Collected data
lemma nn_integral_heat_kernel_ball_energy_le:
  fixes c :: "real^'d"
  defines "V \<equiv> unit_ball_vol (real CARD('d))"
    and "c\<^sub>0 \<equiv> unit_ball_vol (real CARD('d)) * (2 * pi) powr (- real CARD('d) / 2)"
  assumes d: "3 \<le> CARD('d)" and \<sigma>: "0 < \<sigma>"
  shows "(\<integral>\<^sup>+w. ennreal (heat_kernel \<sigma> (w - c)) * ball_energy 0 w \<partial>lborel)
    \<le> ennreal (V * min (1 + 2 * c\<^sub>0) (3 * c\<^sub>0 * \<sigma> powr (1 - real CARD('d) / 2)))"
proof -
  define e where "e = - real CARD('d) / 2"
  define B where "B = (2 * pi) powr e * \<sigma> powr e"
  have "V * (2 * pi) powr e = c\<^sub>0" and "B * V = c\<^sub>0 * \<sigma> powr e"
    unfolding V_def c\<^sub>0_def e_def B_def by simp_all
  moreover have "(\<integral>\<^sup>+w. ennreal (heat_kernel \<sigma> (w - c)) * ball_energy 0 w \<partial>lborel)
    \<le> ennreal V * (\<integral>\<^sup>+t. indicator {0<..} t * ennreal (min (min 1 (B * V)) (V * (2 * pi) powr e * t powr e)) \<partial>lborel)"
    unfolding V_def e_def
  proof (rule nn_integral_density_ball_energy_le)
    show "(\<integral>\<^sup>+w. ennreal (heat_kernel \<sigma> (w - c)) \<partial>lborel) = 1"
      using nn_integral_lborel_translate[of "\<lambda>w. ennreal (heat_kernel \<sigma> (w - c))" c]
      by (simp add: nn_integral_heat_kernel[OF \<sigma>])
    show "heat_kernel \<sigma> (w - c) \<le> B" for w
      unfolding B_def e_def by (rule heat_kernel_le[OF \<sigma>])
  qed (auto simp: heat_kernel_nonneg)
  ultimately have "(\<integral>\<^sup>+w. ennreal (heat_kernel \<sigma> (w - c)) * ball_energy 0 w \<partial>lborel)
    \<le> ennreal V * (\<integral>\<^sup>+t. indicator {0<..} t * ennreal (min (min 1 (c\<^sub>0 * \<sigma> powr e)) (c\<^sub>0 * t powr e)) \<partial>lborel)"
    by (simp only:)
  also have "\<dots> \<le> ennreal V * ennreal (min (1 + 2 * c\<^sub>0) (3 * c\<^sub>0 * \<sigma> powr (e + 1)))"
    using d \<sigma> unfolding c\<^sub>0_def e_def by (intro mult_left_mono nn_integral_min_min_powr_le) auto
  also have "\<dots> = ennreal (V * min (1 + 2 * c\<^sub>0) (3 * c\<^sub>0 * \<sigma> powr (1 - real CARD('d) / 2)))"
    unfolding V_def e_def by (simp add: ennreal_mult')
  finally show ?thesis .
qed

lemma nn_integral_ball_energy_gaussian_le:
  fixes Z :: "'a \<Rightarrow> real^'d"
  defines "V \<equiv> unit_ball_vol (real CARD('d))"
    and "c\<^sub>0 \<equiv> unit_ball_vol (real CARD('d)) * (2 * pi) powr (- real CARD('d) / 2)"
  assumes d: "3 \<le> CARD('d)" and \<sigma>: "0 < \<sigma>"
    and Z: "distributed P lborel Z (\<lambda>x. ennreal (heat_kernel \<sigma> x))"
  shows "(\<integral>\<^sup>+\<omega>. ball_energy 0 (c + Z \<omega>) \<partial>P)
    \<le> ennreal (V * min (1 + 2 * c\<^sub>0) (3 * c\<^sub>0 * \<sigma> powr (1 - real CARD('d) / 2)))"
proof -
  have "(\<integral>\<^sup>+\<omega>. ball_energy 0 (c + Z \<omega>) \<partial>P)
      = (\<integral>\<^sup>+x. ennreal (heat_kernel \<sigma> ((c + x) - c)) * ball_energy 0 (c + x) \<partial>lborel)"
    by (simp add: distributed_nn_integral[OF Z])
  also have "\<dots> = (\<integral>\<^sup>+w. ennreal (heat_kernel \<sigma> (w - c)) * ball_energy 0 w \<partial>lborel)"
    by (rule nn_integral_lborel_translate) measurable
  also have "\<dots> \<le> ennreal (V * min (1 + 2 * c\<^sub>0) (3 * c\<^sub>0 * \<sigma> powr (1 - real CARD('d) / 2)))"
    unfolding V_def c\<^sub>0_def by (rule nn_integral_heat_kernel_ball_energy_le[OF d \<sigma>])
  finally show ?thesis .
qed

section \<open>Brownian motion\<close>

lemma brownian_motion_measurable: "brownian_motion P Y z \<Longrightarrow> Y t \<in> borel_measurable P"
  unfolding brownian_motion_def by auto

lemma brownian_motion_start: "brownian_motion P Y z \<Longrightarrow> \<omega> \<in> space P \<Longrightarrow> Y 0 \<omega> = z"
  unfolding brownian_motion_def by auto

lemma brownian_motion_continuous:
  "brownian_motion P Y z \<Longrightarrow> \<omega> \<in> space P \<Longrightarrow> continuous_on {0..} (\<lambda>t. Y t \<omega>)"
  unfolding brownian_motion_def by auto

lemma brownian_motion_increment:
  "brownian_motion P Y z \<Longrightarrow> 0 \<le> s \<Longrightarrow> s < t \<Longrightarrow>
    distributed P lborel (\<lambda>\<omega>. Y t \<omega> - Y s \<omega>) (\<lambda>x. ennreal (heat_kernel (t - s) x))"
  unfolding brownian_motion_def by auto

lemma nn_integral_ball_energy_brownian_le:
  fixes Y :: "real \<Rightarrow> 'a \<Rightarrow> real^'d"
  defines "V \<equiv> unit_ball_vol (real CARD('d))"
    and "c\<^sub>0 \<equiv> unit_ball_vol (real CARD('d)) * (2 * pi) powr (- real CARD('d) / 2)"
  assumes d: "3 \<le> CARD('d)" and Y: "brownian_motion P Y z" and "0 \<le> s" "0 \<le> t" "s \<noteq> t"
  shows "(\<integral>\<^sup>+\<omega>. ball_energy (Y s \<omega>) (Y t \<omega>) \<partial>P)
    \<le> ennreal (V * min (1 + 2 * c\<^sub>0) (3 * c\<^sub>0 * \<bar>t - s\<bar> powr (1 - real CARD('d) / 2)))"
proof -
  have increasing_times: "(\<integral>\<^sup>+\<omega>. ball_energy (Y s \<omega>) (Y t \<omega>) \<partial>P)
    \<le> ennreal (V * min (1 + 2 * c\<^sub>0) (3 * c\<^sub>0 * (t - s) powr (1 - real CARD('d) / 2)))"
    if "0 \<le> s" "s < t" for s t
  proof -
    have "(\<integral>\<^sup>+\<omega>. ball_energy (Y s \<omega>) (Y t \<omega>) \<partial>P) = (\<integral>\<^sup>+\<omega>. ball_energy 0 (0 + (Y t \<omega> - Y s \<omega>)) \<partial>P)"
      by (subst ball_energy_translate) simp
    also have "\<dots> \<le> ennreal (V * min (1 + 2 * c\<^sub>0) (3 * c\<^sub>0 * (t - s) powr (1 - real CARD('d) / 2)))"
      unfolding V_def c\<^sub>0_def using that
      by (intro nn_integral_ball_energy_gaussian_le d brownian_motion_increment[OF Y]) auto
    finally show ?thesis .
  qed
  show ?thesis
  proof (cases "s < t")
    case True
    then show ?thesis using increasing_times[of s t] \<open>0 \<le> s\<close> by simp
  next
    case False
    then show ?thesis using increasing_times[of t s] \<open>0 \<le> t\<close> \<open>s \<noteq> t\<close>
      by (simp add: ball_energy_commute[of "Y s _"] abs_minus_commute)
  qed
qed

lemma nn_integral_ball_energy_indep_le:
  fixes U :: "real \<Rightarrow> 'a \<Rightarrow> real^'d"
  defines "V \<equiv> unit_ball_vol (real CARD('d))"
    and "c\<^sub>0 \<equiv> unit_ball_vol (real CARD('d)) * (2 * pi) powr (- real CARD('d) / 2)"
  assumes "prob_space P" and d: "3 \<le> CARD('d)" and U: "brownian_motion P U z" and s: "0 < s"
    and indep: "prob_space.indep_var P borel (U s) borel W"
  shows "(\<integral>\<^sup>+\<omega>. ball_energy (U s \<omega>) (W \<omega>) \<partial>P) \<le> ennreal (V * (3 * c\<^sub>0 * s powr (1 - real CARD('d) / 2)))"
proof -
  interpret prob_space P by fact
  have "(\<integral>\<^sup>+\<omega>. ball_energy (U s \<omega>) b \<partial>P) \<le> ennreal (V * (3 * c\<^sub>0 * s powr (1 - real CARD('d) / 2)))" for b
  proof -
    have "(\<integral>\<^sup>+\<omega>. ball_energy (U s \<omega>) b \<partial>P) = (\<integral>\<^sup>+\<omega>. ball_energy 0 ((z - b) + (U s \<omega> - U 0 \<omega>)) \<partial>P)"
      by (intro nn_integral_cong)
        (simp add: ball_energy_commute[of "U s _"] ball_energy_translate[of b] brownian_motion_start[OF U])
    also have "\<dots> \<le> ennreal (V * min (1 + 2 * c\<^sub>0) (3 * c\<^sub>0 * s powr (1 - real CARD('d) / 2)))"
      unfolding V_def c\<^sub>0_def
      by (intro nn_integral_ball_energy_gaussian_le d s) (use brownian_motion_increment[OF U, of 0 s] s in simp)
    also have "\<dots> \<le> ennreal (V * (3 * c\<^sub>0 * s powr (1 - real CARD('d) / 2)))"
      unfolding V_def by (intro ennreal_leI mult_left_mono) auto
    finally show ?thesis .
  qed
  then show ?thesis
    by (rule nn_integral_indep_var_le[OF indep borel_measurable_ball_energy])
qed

* * *

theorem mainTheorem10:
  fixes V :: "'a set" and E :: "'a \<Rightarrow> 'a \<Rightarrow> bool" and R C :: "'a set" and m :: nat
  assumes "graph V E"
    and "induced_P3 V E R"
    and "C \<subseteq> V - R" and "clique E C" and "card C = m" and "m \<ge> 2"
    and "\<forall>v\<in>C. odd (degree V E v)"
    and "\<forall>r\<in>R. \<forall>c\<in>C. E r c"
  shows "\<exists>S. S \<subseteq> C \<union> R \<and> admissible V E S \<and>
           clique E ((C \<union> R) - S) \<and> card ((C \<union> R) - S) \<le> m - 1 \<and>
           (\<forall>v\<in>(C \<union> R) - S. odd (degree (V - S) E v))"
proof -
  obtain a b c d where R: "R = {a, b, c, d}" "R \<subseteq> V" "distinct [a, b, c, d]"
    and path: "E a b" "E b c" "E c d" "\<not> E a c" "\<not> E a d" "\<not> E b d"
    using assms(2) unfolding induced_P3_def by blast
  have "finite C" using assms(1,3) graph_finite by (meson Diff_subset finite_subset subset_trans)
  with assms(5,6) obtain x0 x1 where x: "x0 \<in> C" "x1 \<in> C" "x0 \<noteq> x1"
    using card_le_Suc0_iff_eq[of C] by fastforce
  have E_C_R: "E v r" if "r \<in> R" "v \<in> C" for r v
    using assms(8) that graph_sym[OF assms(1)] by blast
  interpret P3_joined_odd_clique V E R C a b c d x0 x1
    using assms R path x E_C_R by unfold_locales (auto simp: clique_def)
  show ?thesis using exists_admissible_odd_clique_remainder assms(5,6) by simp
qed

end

...

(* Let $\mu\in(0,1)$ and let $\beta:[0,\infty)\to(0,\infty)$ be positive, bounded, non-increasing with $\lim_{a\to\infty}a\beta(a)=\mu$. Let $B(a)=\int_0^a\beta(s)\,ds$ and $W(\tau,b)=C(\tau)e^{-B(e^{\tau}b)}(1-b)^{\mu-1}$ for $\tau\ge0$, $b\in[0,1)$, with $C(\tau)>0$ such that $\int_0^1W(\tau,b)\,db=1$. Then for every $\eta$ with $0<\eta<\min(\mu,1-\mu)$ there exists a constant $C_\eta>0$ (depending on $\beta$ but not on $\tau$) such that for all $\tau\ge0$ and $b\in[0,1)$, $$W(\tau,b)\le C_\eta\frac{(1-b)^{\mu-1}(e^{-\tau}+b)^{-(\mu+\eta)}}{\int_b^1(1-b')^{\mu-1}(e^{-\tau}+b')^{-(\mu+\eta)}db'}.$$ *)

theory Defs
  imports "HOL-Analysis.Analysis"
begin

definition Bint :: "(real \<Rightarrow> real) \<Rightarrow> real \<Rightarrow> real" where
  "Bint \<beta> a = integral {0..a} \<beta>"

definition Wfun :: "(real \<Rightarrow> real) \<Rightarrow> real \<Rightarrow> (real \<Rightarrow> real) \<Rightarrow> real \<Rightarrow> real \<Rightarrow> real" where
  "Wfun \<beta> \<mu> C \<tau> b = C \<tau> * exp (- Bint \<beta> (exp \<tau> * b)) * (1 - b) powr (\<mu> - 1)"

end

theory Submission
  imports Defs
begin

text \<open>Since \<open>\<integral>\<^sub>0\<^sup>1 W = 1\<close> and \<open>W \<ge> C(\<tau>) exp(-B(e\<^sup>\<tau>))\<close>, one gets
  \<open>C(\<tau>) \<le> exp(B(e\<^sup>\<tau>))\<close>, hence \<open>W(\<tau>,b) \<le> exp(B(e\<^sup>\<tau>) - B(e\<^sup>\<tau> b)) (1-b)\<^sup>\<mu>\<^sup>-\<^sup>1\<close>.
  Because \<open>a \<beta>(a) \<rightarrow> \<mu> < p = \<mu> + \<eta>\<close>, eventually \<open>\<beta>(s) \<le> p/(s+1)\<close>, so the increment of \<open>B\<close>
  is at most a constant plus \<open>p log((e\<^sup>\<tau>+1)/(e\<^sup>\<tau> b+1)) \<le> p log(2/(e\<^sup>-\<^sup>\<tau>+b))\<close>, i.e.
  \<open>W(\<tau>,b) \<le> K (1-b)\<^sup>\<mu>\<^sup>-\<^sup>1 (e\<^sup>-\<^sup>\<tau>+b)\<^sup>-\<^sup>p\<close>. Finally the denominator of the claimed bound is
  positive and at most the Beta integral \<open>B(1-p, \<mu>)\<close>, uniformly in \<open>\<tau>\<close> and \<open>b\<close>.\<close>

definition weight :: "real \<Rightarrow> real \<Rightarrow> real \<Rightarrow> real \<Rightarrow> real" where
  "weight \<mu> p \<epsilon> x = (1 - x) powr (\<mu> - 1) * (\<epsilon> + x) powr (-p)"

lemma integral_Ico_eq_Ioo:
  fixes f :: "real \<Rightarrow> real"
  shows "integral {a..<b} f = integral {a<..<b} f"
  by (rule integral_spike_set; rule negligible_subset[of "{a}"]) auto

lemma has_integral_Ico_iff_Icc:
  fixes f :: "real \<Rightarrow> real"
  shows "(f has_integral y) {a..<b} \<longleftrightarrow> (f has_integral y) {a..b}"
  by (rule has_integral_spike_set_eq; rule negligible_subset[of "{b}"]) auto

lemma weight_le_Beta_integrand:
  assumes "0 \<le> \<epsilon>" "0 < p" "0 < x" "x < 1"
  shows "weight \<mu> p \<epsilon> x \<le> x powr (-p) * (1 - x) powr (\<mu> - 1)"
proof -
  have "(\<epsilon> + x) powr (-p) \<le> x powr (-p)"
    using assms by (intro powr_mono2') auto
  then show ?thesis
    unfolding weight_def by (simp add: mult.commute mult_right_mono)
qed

**Task instructions**:
Work out how many lines in the data above hold the word "open". Reply with nothing but the count.

**Written answer**:
9